In addition to the six named military men, the commissioners also blamed Aung San Suu Kyi, Myanmar’s civilian leader and a Nobel Peace Prize laureate, calling her a moral coward for her failure to acknowledge continuing human-rights violations. Finally, they have challenged world governments to confront the criminal impunity of the perpetrators. The obligation to prevent and punish genocide incurred under the 1948 Convention makes criminal accountability a foundation of international law.

So what’s next? The obvious remedy would be a Security Council referral to the International Criminal Court (ICC) whose mandate is to try the perpetrators of the world’s most serious crimes and bring justice to the victims. But the Council has become famously impotent in recent years. Russia and China, in particular, veto proposals at will, and there is little chance this route to justice will prevail. The ICC prosecutor can initiate cases when the suspect individuals are citizens of a country that is an ICC state party, but Myanmar is not.

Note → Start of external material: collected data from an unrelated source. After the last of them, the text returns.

(* For $\theta\in(0,1)$ define $P_0(\theta)=1-\theta$ and, for integers $r\ge 1$, \[ P_r(\theta)=r(1-\theta)\sum_{i=r}^{\infty}\frac{\theta^i}{i}. \] Then for each $r\ge 1$, the points $\theta\in(0,1)$ at which $P_{r-1}(\theta)=P_r(\theta)$ are exactly the points at which $\frac{d}{d\theta}P_r(\theta)=0$; that is, the intersection of $P_{r-1}$ and $P_r$ coincides with the location of the maximum value of $P_r$ on $(0,1)$. *)

theory Defs
  imports Complex_Main
begin

definition P :: "nat \<Rightarrow> real \<Rightarrow> real" where
  "P r t = (if r = 0 then 1 - t
            else real r * (1 - t) * (\<Sum>i. t ^ (i + r) / real (i + r)))"

end

theory Submission
  imports Defs "HOL-Analysis.Analysis"
begin

(* The series defining P r t is the tail T = sum_{i >= r} t^i / i of the
   logarithmic series -ln (1 - t) = sum_{i >= 1} t^i / i, so everything has a
   closed form.  One finds P (r-1) t - P r t = (1 - t) (t^(r-1) - T) and, as
   T' = t^(r-1) / (1 - t), also P r ' t = r (t^(r-1) - T): both vanish exactly
   when T = t^(r-1). *)

(* The i = 0 summand is x^0 / 0 = 0, so the finite sum really starts at i = 1. *)
definition log_tail :: "nat \<Rightarrow> real \<Rightarrow> real" where
  "log_tail r x = - ln (1 - x) - (\<Sum>i<r. x ^ i / real i)"

lemma sums_log_tail:
  assumes "\<bar>x\<bar> < 1"
  shows "(\<lambda>i. x ^ (i + r) / real (i + r)) sums log_tail r x"
proof -
  have "(\<lambda>n. - ((- (- x)) ^ n) / of_nat n) sums ln (1 + (- x))"
    using ln_series'[of "- x"] assms by simp
  then have "(\<lambda>n. x ^ n / real n) sums (- ln (1 - x))"
    using sums_minus by fastforce
  from sums_split_initial_segment[OF this, of r]
  show ?thesis unfolding log_tail_def .
qed

lemma P_eq_log_tail:
  assumes "r \<ge> 1" "\<bar>x\<bar> < 1"
  shows "P r x = real r * (1 - x) * log_tail r x"
  using assms sums_unique[OF sums_log_tail[OF assms(2)]] unfolding P_def by simp

lemma log_tail_Suc: "log_tail (Suc r) x = log_tail r x - x ^ r / real r"
  by (simp add: log_tail_def)

lemma log_tail_has_real_derivative:
  assumes "x < 1"
  shows "(log_tail (Suc m) has_real_derivative x ^ m / (1 - x)) (at x)"
proof (induction m)
  case 0
  have "((\<lambda>x. - ln (1 - x)) has_real_derivative 1 / (1 - x)) (at x)"
    using assms by (auto intro!: derivative_eq_intros)
  then show ?case by (simp add: log_tail_def[abs_def])
next
  case (Suc m)
  have "((\<lambda>y. y ^ Suc m / real (Suc m)) has_real_derivative x ^ m) (at x)"
    using DERIV_cdivide[OF DERIV_pow[of "Suc m" x], of "real (Suc m)"]
    by (simp del: of_nat_Suc)
  from DERIV_diff[OF Suc.IH this]
  have "((\<lambda>y. log_tail (Suc (Suc m)) y) has_real_derivative x ^ m / (1 - x) - x ^ m) (at x)"
    by (simp only: log_tail_Suc)
  moreover have "x ^ m / (1 - x) - x ^ m = x ^ Suc m / (1 - x)"
    using assms by (simp add: field_simps)
  ultimately show ?case by simp
qed

lemma P_has_real_derivative:
  assumes "\<bar>x\<bar> < 1"
  shows "(P (Suc m) has_real_derivative
            real (Suc m) * (x ^ m - log_tail (Suc m) x)) (at x)"
proof (rule has_field_derivative_transform_within_open)
  have "1 - x \<noteq> 0" using assms by simp
  have "((\<lambda>y. real (Suc m) * (1 - y) * log_tail (Suc m) y) has_real_derivative
          real (Suc m) * (- 1) * log_tail (Suc m) x
          + real (Suc m) * (1 - x) * (x ^ m / (1 - x))) (at x)"
    using assms by (auto intro!: derivative_eq_intros log_tail_has_real_derivative
                         simp del: of_nat_Suc)
  moreover have "real (Suc m) * (- 1) * log_tail (Suc m) x
          + real (Suc m) * (1 - x) * (x ^ m / (1 - x))
          = real (Suc m) * (x ^ m - log_tail (Suc m) x)"
    using \<open>1 - x \<noteq> 0\<close> by (simp add: field_simps del: of_nat_Suc)
  ultimately show "((\<lambda>y. real (Suc m) * (1 - y) * log_tail (Suc m) y) has_real_derivative
          real (Suc m) * (x ^ m - log_tail (Suc m) x)) (at x)"
    by simp
  show "x \<in> {-1<..<1}" using assms by auto
qed (auto simp: P_eq_log_tail)

lemma P_eq_log_tail_Suc:
  assumes "\<bar>x\<bar> < 1"
  shows "P m x = (1 - x) * (real m * log_tail (Suc m) x + x ^ m)"
proof (cases m)
  case 0
  then show ?thesis by (simp add: P_def)
next
  case (Suc k)
  then have "real m \<noteq> 0" by simp
  have "P m x = real m * (1 - x) * (log_tail (Suc m) x + x ^ m / real m)"
    using Suc assms by (simp add: P_eq_log_tail log_tail_Suc)
  also have "\<dots> = (1 - x) * (real m * log_tail (Suc m) x + x ^ m)"
    using \<open>real m \<noteq> 0\<close> by (simp add: field_simps)
  finally show ?thesis .
qed

theorem lemma3p1:
  fixes r :: nat and t :: real
  assumes "r \<ge> 1" and "0 < t" and "t < 1"
  shows "P (r - 1) t = P r t \<longleftrightarrow> (P r has_real_derivative 0) (at t)"
proof -
  obtain m where r: "r = Suc m" using assms(1) by (cases r) auto
  have t: "\<bar>t\<bar> < 1" using assms by simp
  have "P (r - 1) t - P r t = (1 - t) * (t ^ m - log_tail r t)"
    using P_eq_log_tail_Suc[OF t, of m] P_eq_log_tail[OF assms(1) t] r
    by (simp add: algebra_simps)
  then have "P (r - 1) t = P r t \<longleftrightarrow> t ^ m = log_tail r t"
    using assms by auto
  also have "\<dots> \<longleftrightarrow> (P r has_real_derivative 0) (at t)"
    using P_has_real_derivative[OF t, of m] DERIV_unique r by fastforce
  finally show ?thesis .
qed

end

On the other hand, Bangladesh, where most of the 700,000 deported Rohingya now live in camps, has signed on to the ICC. Only crimes committed on Bangladesh soil would be eligible for prosecution, but mass deportations are a criterion for genocide. The ICC judges are presently considering a request by the Prosecutor to open an investigation on these grounds.

Another option is for the United Nations create a designated ad hoc court to try the perpetrators, as it did following the wars in Bosnia and Rwanda in the 1990s, but arresting indicted persons without the cooperation of the Myanmar authorities would be difficult. Underlying each of these imperfect alternatives lies the need to collect uncontaminated evidence for future use, as is being done in Syria. Justice may be slow in coming; it may even look non-existent in the short term; but those who commit genocide should never feel safe

General and targeted sanctions are another means of redress. At best, they are co-ordinated internationally, which might happen – the European Union executive is meeting to discuss possibilities – but failing this, individual countries can take a stand. This week, Global Affairs Canada reminded Canadians that it has committed $300-million over three years to address the needs of the displaced (a smaller sum than recommended by special envoy Bob Rae in his April report) and that the government has imposed targeted sanctions against senior military officers, including asset freezes.

In principle, Canada supports the UN commissioners’ call for high-ranking officers to be prosecuted, but we can do more. Canada – a founder of the ICC, a voluble promoter of human rights and the multilateral liberal order – should immediately spearhead a coalition of like-minded countries to mount a legal assault against the impunity of those accused of genocidal intent. For the same reasons, both reputational and pragmatic, Canada must revoke the tainted honorary citizenship of Aung San Suu Kyi. Symbolism matters.

Canada has the political capital to assume the all-important defense of international law. We should use it. The norms that have secured relative peace for 70 years are under threat.

By employing unprecedented language, the commissioners of the United Nations fact-finding mission on Myanmar have thrown down the gauntlet. Their strategy was clever, but also risky. Because the stakes have been raised so high, the outcome will be both literally and symbolically consequential.

Whatever global action is taken – or not taken – will offer us a crystal-ball glimpse into the future of the rule of international law.